WORK INSTRUCTION: Reproduce the records below exactly, but only between the lines holding "nat \<Rightarrow> (nat" and "b, c). a * n1", inclusive.

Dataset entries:
--- START ---

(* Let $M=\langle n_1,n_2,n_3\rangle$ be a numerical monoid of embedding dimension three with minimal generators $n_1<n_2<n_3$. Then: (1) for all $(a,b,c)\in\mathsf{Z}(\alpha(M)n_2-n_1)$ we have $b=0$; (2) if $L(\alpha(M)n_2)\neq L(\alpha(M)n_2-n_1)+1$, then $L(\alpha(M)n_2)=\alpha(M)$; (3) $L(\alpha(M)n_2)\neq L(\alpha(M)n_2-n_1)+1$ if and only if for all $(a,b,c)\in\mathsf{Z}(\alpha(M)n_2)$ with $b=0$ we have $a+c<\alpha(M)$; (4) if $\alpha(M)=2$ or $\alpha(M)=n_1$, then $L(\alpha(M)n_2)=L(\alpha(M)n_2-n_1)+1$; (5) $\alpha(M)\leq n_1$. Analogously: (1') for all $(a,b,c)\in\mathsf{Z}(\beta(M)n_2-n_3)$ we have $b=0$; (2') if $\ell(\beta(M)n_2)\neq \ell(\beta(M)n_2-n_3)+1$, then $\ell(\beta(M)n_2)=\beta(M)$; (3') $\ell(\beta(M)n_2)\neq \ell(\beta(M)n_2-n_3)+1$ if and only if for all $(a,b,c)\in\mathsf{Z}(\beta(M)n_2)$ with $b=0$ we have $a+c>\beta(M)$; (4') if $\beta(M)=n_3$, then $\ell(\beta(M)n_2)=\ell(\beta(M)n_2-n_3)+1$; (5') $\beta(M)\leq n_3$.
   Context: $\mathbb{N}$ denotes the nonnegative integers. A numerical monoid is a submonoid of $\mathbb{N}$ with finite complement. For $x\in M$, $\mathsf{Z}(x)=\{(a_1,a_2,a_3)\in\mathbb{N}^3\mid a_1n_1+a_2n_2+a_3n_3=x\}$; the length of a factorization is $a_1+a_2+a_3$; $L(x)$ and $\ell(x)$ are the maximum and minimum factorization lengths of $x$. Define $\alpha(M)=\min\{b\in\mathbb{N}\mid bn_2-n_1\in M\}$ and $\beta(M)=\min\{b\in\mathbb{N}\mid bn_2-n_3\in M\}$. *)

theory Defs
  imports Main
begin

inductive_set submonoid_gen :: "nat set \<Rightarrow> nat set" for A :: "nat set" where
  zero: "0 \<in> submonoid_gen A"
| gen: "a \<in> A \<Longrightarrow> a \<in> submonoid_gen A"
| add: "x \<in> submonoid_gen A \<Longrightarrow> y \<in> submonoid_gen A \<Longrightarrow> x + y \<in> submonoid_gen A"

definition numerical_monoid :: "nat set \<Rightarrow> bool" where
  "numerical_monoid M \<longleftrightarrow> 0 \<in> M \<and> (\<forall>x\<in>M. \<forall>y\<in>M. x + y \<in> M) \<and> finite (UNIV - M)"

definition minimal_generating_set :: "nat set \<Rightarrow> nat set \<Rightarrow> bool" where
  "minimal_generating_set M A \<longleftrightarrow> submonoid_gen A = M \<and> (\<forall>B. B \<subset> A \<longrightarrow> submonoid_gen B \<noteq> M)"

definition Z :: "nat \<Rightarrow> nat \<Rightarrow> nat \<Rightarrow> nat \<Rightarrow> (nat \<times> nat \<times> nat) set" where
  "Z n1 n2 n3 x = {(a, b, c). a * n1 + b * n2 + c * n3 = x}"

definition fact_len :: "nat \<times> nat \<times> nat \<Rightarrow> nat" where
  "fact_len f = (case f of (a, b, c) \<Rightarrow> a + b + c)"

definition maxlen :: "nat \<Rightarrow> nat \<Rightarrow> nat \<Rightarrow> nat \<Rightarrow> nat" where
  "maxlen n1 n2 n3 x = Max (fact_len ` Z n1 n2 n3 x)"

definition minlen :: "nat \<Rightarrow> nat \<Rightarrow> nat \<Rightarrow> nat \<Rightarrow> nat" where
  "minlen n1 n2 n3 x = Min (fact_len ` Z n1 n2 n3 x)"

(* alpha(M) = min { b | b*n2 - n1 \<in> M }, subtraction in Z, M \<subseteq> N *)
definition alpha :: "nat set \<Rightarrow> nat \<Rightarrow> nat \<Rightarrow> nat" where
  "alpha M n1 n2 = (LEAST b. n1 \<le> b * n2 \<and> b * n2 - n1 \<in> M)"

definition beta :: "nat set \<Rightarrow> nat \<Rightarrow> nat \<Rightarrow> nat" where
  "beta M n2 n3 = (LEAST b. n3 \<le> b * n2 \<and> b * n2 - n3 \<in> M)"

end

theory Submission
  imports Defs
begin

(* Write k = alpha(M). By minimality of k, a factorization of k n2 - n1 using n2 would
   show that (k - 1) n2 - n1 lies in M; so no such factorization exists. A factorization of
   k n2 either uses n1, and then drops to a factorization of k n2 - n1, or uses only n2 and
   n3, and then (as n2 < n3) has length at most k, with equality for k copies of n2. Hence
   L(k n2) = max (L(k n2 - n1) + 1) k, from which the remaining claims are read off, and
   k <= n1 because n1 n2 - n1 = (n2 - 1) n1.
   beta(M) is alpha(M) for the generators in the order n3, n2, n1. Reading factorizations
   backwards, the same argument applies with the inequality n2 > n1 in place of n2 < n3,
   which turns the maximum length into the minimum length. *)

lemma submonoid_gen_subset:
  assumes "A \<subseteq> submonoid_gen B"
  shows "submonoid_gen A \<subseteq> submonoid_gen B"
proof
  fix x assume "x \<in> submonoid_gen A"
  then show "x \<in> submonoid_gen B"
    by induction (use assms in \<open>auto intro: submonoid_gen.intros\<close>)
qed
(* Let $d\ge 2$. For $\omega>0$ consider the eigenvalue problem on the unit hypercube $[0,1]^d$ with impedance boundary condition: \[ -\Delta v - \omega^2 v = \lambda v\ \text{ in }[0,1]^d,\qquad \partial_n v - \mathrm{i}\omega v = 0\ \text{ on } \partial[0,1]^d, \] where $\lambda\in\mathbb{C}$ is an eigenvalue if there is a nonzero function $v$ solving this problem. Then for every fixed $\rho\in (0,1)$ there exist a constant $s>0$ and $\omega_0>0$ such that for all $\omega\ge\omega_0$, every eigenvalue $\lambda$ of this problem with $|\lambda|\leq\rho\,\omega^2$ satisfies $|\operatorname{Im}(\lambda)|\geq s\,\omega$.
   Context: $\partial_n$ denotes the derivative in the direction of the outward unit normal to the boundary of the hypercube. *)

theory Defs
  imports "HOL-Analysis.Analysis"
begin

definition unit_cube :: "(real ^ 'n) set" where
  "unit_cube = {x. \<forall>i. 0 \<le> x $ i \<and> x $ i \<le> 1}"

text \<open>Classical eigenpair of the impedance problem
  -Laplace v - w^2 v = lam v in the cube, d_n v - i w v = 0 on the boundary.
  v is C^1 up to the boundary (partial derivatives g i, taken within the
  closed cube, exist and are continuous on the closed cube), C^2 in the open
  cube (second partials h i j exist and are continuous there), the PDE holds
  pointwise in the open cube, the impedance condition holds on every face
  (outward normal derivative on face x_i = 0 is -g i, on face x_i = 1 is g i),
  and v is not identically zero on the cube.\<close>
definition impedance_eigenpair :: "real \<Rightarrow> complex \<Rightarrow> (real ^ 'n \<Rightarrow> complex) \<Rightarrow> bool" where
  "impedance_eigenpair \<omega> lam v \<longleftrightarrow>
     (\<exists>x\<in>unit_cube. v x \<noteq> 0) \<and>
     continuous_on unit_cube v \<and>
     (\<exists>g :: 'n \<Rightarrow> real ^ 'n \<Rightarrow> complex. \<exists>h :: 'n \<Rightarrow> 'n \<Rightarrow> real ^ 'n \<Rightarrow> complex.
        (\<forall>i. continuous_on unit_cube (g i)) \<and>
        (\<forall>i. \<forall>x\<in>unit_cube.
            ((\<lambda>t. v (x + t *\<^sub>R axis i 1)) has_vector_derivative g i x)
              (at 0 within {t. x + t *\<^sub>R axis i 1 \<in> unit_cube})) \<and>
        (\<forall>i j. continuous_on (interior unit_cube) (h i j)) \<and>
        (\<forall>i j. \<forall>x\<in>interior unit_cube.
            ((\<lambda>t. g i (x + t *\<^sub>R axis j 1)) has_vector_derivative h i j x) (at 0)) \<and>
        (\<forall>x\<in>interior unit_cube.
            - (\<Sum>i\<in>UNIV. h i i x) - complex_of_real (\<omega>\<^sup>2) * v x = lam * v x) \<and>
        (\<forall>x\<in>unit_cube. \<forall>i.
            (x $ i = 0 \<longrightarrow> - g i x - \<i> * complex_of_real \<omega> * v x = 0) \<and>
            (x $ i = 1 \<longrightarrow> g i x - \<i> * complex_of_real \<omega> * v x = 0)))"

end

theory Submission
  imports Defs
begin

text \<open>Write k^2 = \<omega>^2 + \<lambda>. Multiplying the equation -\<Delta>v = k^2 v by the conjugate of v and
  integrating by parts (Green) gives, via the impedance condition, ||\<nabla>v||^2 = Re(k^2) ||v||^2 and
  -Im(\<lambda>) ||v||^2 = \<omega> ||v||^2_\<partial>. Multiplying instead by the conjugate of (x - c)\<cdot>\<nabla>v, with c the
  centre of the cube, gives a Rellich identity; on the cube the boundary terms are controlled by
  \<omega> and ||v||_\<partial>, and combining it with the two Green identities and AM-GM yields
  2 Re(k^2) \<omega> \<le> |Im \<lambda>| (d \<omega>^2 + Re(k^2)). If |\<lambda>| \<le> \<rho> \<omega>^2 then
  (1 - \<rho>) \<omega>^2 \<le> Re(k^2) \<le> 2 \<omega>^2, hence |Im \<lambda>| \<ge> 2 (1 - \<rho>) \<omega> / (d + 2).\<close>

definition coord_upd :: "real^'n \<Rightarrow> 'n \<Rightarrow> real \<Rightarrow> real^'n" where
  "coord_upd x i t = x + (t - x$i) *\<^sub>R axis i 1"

--- END ---

FINISHED TASK:
definition Z :: "nat \<Rightarrow> nat \<Rightarrow> nat \<Rightarrow> nat \<Rightarrow> (nat \<times> nat \<times> nat) set" where
  "Z n1 n2 n3 x = {(a, b, c). a * n1 + b * n2 + c * n3 = x}"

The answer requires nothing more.